▶ [TASK PROMPT] State only how many lines of the records contain the string "from".

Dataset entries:
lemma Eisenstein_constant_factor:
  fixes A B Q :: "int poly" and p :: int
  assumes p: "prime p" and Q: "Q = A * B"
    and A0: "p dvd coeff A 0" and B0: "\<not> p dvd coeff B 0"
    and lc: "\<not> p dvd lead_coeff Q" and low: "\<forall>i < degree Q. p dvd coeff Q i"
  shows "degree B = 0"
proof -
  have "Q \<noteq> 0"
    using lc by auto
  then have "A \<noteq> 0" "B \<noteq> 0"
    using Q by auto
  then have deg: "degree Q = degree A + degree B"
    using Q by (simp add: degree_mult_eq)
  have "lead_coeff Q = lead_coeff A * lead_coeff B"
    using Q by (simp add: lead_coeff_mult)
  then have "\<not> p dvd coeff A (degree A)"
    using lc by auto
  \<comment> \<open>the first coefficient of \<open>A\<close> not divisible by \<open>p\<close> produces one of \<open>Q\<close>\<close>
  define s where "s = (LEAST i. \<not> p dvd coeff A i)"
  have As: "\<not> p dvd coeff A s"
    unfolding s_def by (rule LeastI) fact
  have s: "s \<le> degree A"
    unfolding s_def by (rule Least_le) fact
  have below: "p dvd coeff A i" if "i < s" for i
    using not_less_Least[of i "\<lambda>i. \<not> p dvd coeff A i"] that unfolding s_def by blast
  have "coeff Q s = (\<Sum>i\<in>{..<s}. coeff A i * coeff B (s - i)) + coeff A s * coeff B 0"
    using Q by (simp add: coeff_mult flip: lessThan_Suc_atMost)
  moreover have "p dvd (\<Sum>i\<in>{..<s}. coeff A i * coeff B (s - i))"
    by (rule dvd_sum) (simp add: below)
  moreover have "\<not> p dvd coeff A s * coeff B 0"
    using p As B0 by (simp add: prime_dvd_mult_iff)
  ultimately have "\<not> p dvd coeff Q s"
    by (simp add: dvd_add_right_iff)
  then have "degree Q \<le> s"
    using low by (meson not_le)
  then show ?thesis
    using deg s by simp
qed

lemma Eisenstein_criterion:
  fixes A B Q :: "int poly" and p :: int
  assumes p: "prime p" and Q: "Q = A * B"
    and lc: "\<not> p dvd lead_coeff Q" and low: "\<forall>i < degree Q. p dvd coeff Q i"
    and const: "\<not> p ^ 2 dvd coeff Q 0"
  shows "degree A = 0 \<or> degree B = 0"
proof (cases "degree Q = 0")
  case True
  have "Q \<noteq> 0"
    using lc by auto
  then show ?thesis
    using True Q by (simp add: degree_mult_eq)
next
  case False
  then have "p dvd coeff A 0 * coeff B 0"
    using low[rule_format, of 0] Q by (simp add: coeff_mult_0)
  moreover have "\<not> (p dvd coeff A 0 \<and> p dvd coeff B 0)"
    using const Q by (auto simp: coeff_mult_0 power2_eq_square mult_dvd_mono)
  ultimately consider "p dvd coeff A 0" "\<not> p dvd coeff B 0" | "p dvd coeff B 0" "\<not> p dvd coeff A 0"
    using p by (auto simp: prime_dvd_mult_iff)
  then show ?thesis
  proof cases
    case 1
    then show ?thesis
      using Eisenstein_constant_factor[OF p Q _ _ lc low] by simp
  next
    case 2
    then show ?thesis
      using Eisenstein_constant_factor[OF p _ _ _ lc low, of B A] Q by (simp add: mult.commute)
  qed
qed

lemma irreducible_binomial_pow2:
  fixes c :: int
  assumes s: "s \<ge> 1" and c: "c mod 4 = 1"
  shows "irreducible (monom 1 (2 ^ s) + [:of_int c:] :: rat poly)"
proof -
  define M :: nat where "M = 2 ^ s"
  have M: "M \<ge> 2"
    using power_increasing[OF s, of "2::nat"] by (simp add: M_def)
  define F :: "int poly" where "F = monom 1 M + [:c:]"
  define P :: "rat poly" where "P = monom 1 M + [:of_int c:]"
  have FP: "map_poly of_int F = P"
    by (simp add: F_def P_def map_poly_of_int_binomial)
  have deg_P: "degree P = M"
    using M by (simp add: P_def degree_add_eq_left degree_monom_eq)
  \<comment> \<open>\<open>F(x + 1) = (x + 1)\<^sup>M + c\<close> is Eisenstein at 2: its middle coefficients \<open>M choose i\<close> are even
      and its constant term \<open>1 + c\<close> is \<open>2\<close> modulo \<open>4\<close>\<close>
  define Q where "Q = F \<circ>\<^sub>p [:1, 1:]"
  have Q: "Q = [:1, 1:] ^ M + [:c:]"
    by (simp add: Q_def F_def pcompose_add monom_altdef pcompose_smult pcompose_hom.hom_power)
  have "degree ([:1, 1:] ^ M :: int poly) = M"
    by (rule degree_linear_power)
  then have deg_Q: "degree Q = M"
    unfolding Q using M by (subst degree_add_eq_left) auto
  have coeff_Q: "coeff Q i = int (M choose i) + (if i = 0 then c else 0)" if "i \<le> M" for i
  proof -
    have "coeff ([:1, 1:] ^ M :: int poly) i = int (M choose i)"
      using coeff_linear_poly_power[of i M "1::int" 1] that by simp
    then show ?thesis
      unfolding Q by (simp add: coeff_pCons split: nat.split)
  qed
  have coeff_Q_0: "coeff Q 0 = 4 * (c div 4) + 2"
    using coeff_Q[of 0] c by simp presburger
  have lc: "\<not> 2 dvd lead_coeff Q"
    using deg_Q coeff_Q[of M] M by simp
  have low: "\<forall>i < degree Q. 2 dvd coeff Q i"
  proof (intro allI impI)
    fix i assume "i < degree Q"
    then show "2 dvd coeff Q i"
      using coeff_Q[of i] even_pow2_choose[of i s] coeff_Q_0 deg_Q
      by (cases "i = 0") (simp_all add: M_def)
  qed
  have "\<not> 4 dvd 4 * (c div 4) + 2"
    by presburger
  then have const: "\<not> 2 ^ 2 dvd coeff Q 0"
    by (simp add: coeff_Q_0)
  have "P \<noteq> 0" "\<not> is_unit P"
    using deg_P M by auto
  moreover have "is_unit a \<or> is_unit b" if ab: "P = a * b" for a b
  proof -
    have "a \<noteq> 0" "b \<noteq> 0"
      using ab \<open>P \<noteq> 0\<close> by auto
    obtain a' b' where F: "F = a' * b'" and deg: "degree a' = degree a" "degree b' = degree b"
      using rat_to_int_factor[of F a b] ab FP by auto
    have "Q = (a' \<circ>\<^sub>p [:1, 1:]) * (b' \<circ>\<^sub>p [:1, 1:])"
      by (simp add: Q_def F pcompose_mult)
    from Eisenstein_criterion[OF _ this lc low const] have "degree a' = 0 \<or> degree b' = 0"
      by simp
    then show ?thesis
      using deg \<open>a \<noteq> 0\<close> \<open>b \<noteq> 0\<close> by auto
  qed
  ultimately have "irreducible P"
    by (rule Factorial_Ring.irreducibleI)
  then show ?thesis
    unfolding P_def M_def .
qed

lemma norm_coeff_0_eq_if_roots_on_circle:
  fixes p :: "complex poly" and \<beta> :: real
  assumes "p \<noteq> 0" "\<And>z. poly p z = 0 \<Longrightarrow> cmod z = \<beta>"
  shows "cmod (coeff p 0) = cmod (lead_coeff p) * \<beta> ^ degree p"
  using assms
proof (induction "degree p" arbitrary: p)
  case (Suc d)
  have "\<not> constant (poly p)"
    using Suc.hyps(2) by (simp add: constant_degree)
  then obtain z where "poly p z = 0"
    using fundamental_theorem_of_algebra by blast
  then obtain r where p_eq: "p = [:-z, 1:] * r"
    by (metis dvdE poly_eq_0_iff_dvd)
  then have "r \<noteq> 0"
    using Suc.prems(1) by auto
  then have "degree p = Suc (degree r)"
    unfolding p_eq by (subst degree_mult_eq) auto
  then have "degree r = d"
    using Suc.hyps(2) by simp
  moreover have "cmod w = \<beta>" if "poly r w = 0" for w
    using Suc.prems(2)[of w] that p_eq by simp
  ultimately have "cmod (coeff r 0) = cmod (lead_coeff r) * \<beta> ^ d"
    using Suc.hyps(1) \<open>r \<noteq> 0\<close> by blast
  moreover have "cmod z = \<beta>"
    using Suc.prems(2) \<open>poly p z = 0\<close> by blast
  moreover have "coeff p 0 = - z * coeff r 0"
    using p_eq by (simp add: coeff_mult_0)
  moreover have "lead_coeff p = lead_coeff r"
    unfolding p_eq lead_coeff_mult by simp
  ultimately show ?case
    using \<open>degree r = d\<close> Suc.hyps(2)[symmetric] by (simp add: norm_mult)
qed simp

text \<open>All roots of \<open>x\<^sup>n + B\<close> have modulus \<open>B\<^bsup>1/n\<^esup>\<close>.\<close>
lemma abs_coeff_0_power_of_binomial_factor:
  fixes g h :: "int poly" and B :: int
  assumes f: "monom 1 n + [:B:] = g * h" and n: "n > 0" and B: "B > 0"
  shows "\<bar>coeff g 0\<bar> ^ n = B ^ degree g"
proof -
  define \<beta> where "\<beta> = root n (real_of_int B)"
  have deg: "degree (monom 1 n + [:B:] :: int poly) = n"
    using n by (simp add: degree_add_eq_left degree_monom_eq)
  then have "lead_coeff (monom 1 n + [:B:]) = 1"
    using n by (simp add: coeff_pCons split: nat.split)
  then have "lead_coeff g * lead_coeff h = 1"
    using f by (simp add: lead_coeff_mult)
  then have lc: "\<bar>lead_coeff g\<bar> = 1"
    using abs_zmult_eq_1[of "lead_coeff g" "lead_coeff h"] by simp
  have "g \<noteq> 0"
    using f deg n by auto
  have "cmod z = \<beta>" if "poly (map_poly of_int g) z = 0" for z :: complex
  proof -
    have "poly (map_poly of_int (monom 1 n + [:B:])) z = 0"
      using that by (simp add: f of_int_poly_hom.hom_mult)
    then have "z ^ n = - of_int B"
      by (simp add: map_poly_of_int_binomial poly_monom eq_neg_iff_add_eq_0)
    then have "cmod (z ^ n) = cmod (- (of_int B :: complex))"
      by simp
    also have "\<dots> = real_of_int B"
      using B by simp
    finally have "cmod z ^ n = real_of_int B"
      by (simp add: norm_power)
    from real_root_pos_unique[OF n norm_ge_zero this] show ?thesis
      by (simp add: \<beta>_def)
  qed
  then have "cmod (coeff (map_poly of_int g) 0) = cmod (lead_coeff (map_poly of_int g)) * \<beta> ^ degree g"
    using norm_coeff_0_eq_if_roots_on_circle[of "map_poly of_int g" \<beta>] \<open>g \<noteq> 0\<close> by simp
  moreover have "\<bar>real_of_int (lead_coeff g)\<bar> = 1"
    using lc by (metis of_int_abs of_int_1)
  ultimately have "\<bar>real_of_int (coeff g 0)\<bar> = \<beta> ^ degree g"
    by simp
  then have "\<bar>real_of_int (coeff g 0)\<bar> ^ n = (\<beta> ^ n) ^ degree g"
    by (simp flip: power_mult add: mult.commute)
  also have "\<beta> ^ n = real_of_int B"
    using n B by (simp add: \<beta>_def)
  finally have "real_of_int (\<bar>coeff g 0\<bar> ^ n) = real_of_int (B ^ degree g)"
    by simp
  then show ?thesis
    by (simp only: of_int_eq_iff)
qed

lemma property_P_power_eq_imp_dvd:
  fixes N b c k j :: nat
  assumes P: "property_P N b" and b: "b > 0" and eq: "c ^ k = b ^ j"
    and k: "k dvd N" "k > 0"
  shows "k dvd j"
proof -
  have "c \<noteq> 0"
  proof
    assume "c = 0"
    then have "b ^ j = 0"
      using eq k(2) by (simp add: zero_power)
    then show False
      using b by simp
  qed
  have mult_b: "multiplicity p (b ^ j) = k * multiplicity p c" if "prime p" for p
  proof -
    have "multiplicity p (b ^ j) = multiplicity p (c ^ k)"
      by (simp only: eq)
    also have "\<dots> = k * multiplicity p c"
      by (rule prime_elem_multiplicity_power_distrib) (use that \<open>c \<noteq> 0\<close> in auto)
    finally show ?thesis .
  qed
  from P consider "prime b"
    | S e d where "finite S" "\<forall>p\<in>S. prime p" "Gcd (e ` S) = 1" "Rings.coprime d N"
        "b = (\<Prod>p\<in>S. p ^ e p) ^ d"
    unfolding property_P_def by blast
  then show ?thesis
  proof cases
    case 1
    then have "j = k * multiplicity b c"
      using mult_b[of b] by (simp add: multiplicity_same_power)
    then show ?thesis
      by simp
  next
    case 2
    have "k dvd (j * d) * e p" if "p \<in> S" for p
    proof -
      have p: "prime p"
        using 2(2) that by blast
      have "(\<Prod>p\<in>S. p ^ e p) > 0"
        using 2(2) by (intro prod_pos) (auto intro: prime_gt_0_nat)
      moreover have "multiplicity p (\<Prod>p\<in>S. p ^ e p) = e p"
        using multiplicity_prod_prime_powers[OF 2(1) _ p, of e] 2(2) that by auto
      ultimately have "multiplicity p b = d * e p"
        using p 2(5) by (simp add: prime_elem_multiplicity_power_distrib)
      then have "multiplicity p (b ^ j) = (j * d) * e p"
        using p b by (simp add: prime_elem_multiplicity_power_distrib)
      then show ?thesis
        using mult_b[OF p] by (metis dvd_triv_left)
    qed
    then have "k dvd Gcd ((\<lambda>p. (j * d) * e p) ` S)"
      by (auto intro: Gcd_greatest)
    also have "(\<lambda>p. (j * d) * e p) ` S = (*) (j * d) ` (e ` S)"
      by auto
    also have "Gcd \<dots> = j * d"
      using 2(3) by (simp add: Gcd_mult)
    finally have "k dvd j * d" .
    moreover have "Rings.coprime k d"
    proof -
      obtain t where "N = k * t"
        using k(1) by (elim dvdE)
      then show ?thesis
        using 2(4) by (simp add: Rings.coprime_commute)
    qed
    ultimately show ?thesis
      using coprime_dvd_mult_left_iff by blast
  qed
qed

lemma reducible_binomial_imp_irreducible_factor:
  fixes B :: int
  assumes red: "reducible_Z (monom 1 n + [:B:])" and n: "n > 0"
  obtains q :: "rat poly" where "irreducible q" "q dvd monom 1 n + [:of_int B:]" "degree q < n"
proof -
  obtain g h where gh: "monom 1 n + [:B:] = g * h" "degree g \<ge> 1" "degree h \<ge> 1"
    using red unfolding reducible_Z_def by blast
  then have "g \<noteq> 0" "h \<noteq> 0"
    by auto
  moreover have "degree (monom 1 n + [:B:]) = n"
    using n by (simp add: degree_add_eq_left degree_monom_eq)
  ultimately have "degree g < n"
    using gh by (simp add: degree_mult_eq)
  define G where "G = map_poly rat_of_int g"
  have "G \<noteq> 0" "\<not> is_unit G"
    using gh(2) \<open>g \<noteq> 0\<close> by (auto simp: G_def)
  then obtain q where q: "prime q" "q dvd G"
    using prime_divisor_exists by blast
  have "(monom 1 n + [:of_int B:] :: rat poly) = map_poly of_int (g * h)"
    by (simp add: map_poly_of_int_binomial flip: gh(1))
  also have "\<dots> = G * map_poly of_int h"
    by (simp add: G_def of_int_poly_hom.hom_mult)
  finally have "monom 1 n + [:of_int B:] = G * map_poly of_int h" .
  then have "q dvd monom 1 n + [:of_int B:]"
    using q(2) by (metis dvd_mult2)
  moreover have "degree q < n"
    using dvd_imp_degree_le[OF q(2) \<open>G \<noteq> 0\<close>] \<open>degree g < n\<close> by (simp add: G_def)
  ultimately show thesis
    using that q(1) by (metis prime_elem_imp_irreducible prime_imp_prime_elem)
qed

▶ [SOLUTION TO THE EXERCISE] 3